Agnes Prototype: AI-Powered Raw Material Sourcing (Spherecast Hackathon)

Published:

🤖 AI Disclosure: The content here is created with AI assistance and reviewed by me. I believe in transparency about how content is made!

Note: Agnes is a product originally conceived and developed by Spherecast. This page describes a prototype I vibe-coded independently during their hackathon event — it is not affiliated with or representative of Spherecast’s actual Agnes product.

Background

The Spherecast Hackathon challenged participants to build an AI pipeline addressing fragmented raw material sourcing in the Consumer Packaged Goods (CPG) industry. The core problem: large CPG brands often purchase the same raw ingredients across multiple product lines through different suppliers, losing out on bulk discounts and making compliance harder to track.
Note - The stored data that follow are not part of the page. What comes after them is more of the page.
(* Let $\psi\in\mathbb{R}[x]$ be a polynomial of degree $\ge 3$ with $\psi=\psi^{(1)}\psi^{(2)}$, where $\psi^{(1)},\psi^{(2)}\in\mathbb{R}[x]$ are non-constant. If there exists a zero $x_0\in\mathbb{R}^d$ of $\psi^{(1)}$ of multiplicity $\ge 2$, then the Fischer operator $F_\psi$ is not surjective.
   Context: $\mathbb{R}[x]$ denotes the real polynomials in $d$ variables, $\Delta$ the Laplacian, and $F_\psi:\mathbb{R}[x]\to\mathbb{R}[x]$, $F_\psi(q)=\Delta(\psi q)$. The multiplicity of a zero $x_0$ of a polynomial $f$ is the largest natural number $N$ such that $\frac{\partial^\alpha}{\partial x^\alpha}f(x_0)=0$ for all $\alpha\in\mathbb{N}_0^d$ with $|\alpha|\le N-1$. *)

theory Defs
  imports "HOL-Analysis.Analysis" "HOL-Library.Poly_Mapping"
begin

text \<open>Real polynomials in d variables, d = CARD('n), represented by their coefficients:
  a finitely supported map from monomial exponents (multi-indices of type 'n poly_mapping to nat) to reals.
  Multiplication is the convolution product of the library instance.\<close>

type_synonym 'n mpoly = "('n \<Rightarrow>\<^sub>0 nat) \<Rightarrow>\<^sub>0 real"

definition mpoly_eval :: "('n::finite) mpoly \<Rightarrow> ('n \<Rightarrow> real) \<Rightarrow> real" where
  "mpoly_eval p x = (\<Sum>\<alpha>\<in>Poly_Mapping.keys p. Poly_Mapping.lookup p \<alpha> * (\<Prod>i\<in>UNIV. x i ^ Poly_Mapping.lookup (\<alpha>::'n \<Rightarrow>\<^sub>0 nat) i))"

definition mpoly_degree :: "('n::finite) mpoly \<Rightarrow> nat" where
  "mpoly_degree p = Max (insert 0 ((\<lambda>\<alpha>::'n \<Rightarrow>\<^sub>0 nat. \<Sum>i\<in>UNIV. Poly_Mapping.lookup \<alpha> i) ` Poly_Mapping.keys p))"

definition mpoly_pderiv :: "'n::finite \<Rightarrow> 'n mpoly \<Rightarrow> 'n mpoly" where
  "mpoly_pderiv i p =
     (\<Sum>\<alpha>\<in>Poly_Mapping.keys p. Poly_Mapping.single ((\<alpha>::'n \<Rightarrow>\<^sub>0 nat) - Poly_Mapping.single i 1)
                     (Poly_Mapping.lookup p \<alpha> * of_nat (Poly_Mapping.lookup \<alpha> i)))"

text \<open>Iterated partial derivative along a list of variables (a mixed partial
  derivative \<partial>^\<alpha> with |\<alpha>| = length of the list).\<close>
definition mpoly_pderivs :: "'n::finite list \<Rightarrow> 'n mpoly \<Rightarrow> 'n mpoly" where
  "mpoly_pderivs is p = foldr mpoly_pderiv is p"

definition mpoly_laplacian :: "('n::finite) mpoly \<Rightarrow> 'n mpoly" where
  "mpoly_laplacian p = (\<Sum>i\<in>UNIV. mpoly_pderiv i (mpoly_pderiv i p))"

definition fischer_op :: "('n::finite) mpoly \<Rightarrow> 'n mpoly \<Rightarrow> 'n mpoly" where
  "fischer_op \<psi> q = mpoly_laplacian (\<psi> * q)"

definition vanishes_to_order :: "('n::finite) mpoly \<Rightarrow> ('n \<Rightarrow> real) \<Rightarrow> nat \<Rightarrow> bool" where
  "vanishes_to_order f x0 N \<longleftrightarrow>
     (\<forall>is::'n list. length is \<le> N - 1 \<longrightarrow> mpoly_eval (mpoly_pderivs is f) x0 = 0)"

definition zero_multiplicity :: "('n::finite) mpoly \<Rightarrow> ('n \<Rightarrow> real) \<Rightarrow> nat" where
  "zero_multiplicity f x0 = (GREATEST N. vanishes_to_order f x0 N)"

end

theory Submission
  imports Defs "HOL-Library.Function_Algebras" "HOL-Computational_Algebra.Polynomial"
begin

text \<open>A double zero x0 of \<psi>1 makes F_\<psi>1 map the space of polynomials whose partial
  derivatives of order < N vanish at x0 into itself, for every N. This space has finite
  codimension, so if F_\<psi>1 is onto, the map it induces on the finite-dimensional quotient is onto,
  hence injective: an element of the kernel of F_\<psi>1 vanishes to every order at x0 and is
  therefore 0. Since F_\<psi> q = F_\<psi>1 (\<psi>2 q), surjectivity of F_\<psi> entails that of F_\<psi>1, and
  then F_\<psi>1 (\<psi>2 q) = F_\<psi>1 1 forces \<psi>2 q = 1, impossible for non-constant \<psi>2.\<close>

section \<open>Surjective endomorphisms and subspaces of finite codimension\<close>

lemma (in vector_space_pair) surj_endomorphism_reflects_invariant_kernel:
  assumes F: "Vector_Spaces.linear s1 s1 F" and "surj F"
    and \<Phi>: "Vector_Spaces.linear s1 s2 \<Phi>" and "finite S" and "range \<Phi> \<subseteq> vs2.span S"
    and invariant: "\<And>u. \<Phi> u = 0 \<Longrightarrow> \<Phi> (F u) = 0"
    and "\<Phi> (F v) = 0"
  shows "\<Phi> v = 0"
proof (rule ccontr)
  assume "\<Phi> v \<noteq> 0"
  interpret F: Vector_Spaces.linear s1 s1 F by (rule F)
  interpret \<Phi>: Vector_Spaces.linear s1 s2 \<Phi> by (rule \<Phi>)
  interpret \<Phi>F: Vector_Spaces.linear s1 s2 "\<Phi> \<circ> F" using F \<Phi> by (rule Vector_Spaces.linear_compose)
  have "vs2.independent {\<Phi> v}" using \<open>\<Phi> v \<noteq> 0\<close> by simp
  then obtain B where "{\<Phi> v} \<subseteq> B" "B \<subseteq> range \<Phi>" "vs2.independent B" "range \<Phi> \<subseteq> vs2.span B"
    using vs2.maximal_independent_subset_extend[of "{\<Phi> v}" "range \<Phi>"] by blast
  have "B \<subseteq> vs2.span S" using \<open>B \<subseteq> range \<Phi>\<close> \<open>range \<Phi> \<subseteq> vs2.span S\<close> by (rule order_trans)
  then have "finite B" using vs2.independent_span_bound[OF \<open>finite S\<close> \<open>vs2.independent B\<close>] by simp
  have dim_range: "vs2.dim (range \<Phi>) = card B"
    using vs2.basis_card_eq_dim[OF \<open>B \<subseteq> range \<Phi>\<close> \<open>range \<Phi> \<subseteq> vs2.span B\<close> \<open>vs2.independent B\<close>] ..
  have "\<Phi> v \<in> B" using \<open>{\<Phi> v} \<subseteq> B\<close> by simp
  \<comment> \<open>Lift the basis B of range \<Phi> along \<Phi>, sending \<Phi> v to v: the images \<Phi> (F (p b)) then
    span range \<Phi>, but one of them is 0.\<close>
  obtain p where p: "\<And>b. b \<in> B \<Longrightarrow> \<Phi> (p b) = b" and "p (\<Phi> v) = v"
  proof -
    obtain p0 where "\<And>b. b \<in> B \<Longrightarrow> \<Phi> (p0 b) = b"
      using \<open>B \<subseteq> range \<Phi>\<close> by (metis f_inv_into_f subsetD)
    then show thesis by (intro that[of "p0(\<Phi> v := v)"]) auto
  qed
  have "range \<Phi> \<subseteq> vs2.span ((\<Phi> \<circ> F \<circ> p) ` (B - {\<Phi> v}))"
  proof
    fix w assume "w \<in> range \<Phi>"
    then obtain u where w: "w = \<Phi> (F u)" using \<open>surj F\<close> by (metis image_iff surjD)
    have "\<Phi> ` p ` B = B" using p by force
    then have "\<Phi> u \<in> \<Phi> ` vs1.span (p ` B)"
      using \<open>range \<Phi> \<subseteq> vs2.span B\<close> by (metis \<Phi>.span_image rangeI subsetD)
    then obtain z where z: "z \<in> vs1.span (p ` B)" "\<Phi> u = \<Phi> z" by (metis imageE)
    have "\<Phi> (F (u - z)) = 0" using z by (intro invariant) (simp add: \<Phi>.diff)
    then have "w = (\<Phi> \<circ> F) z" using w by (simp add: F.diff \<Phi>.diff)
    also have "\<dots> \<in> vs2.span ((\<Phi> \<circ> F) ` p ` B)"
      unfolding \<Phi>F.span_image using z(1) by (rule imageI)
    also have "\<dots> \<subseteq> vs2.span (insert 0 ((\<Phi> \<circ> F \<circ> p) ` (B - {\<Phi> v})))"
      using \<open>p (\<Phi> v) = v\<close> \<open>\<Phi> (F v) = 0\<close> by (intro vs2.span_mono) auto
    finally show "w \<in> vs2.span ((\<Phi> \<circ> F \<circ> p) ` (B - {\<Phi> v}))" by simp
  qed
  then have "card B \<le> card ((\<Phi> \<circ> F \<circ> p) ` (B - {\<Phi> v}))"
    using vs2.dim_le_card \<open>finite B\<close> dim_range by (metis finite_Diff finite_imageI)
  also have "\<dots> \<le> card (B - {\<Phi> v})" by (rule card_image_le) (simp add: \<open>finite B\<close>)
  also have "\<dots> < card B" using \<open>finite B\<close> \<open>\<Phi> v \<in> B\<close> by (rule card_Diff1_less)
  finally show False by simp
qed

lemma vector_space_poly_mapping_const_mult:
  "vector_space (\<lambda>c p. Poly_Mapping.single 0 c * (p :: 'a::monoid_add \<Rightarrow>\<^sub>0 'b::field))"
  by unfold_locales (simp_all add: distrib_left distrib_right single_add mult_single flip: mult.assoc)

lemma vector_space_fun:
  "vector_space (\<lambda>c (f :: 'a \<Rightarrow> 'b::field) x. c * f x)"
  by unfold_locales (simp_all add: plus_fun_def distrib_left distrib_right mult.assoc)

section \<open>Linear extension from monomials\<close>

lemma poly_mapping_sum_single:
  fixes p :: "'a \<Rightarrow>\<^sub>0 'b::comm_monoid_add"
  shows "p = (\<Sum>k\<in>Poly_Mapping.keys p. Poly_Mapping.single k (Poly_Mapping.lookup p k))"
proof (rule poly_mapping_eqI)
  fix k'
  have "(\<Sum>k\<in>Poly_Mapping.keys p. Poly_Mapping.lookup (Poly_Mapping.single k (Poly_Mapping.lookup p k)) k')
      = (\<Sum>k\<in>Poly_Mapping.keys p. if k = k' then Poly_Mapping.lookup p k else 0)"
    by (rule sum.cong) (auto simp: lookup_single)
  then show "Poly_Mapping.lookup p k' =
      Poly_Mapping.lookup (\<Sum>k\<in>Poly_Mapping.keys p. Poly_Mapping.single k (Poly_Mapping.lookup p k)) k'"
    by (simp add: lookup_sum in_keys_iff)
qed

lemma poly_mapping_single_induct [case_names zero add]:
  fixes p :: "'a \<Rightarrow>\<^sub>0 'b::comm_monoid_add"
  assumes "P 0" and "\<And>p k c. P p \<Longrightarrow> P (p + Poly_Mapping.single k c)"
  shows "P p"
proof -
  have "P (\<Sum>k\<in>K. Poly_Mapping.single k (g k))" if "finite K" for K g
    using that
  proof (induction K rule: finite_induct)
    case (insert k K)
    then show ?case using assms(2)[of _ k "g k"] by (simp add: add.commute[of "Poly_Mapping.single k (g k)"])
  qed (simp add: assms(1))
  then show ?thesis by (subst poly_mapping_sum_single) simp
qed

definition poly_mapping_extend :: "('a \<Rightarrow> 'b::zero \<Rightarrow> 'c::comm_monoid_add) \<Rightarrow> ('a \<Rightarrow>\<^sub>0 'b) \<Rightarrow> 'c" where
  "poly_mapping_extend h p = (\<Sum>k\<in>Poly_Mapping.keys p. h k (Poly_Mapping.lookup p k))"

locale coeff_additive =
  fixes h :: "'a \<Rightarrow> 'b::comm_monoid_add \<Rightarrow> 'c::comm_monoid_add"
  assumes zero: "h k 0 = 0" and add: "h k (a + b) = h k a + h k b"
begin

lemma extend_superset:
  "finite K \<Longrightarrow> Poly_Mapping.keys p \<subseteq> K \<Longrightarrow> poly_mapping_extend h p = (\<Sum>k\<in>K. h k (Poly_Mapping.lookup p k))"
  unfolding poly_mapping_extend_def by (rule sum.mono_neutral_left) (auto simp: zero in_keys_iff)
I vibe-coded a prototype during the hackathon that explored how AI could help identify consolidation opportunities and surface sourcing recommendations from a Bills of Materials database.


What I Built

The prototype is a Python-based pipeline with a Gradio web interface. It works against a provided SQLite database containing 61 companies, 876 raw materials, 40 suppliers, 149 BOMs, and 1,528 BOM components.

RAG Pipeline

The retrieval layer uses a hybrid approach:

  • **FAISS ** (HNSW index) for dense semantic search via all-MiniLM-L6-v2 embeddings (384-dim)
  • **BM25 ** (Okapi) for keyword matching on chemical names and regulatory codes
  • A cross-encoder reranker (ms-marco-MiniLM-L-6-v2) to re-rank the top results
  • Hybrid scoring: 0.65 × vector_score + 0.35 × bm25_score

The knowledge base was built from 20 scraped regulatory documents (FDA 21 CFR 111, USP, NSF/ANSI 173, Halal/Kosher, Non-GMO).

Reasoning Layer

Sourcing evaluations are generated by Gemini Flash (gemini-flash-latest via google-genai SDK) at temperature 0.2, with structured JSON output. Each verdict includes an evidence trail citing the specific regulatory sources used.

Gradio UI

A five-tab web UI (agnes_ui.py, port 7860) covering ingredient substitution evaluation, portfolio health assessment, decision history, session logs, and a database explorer with live SQL reads.

Web Scraping (Planned, Not Fully Implemented)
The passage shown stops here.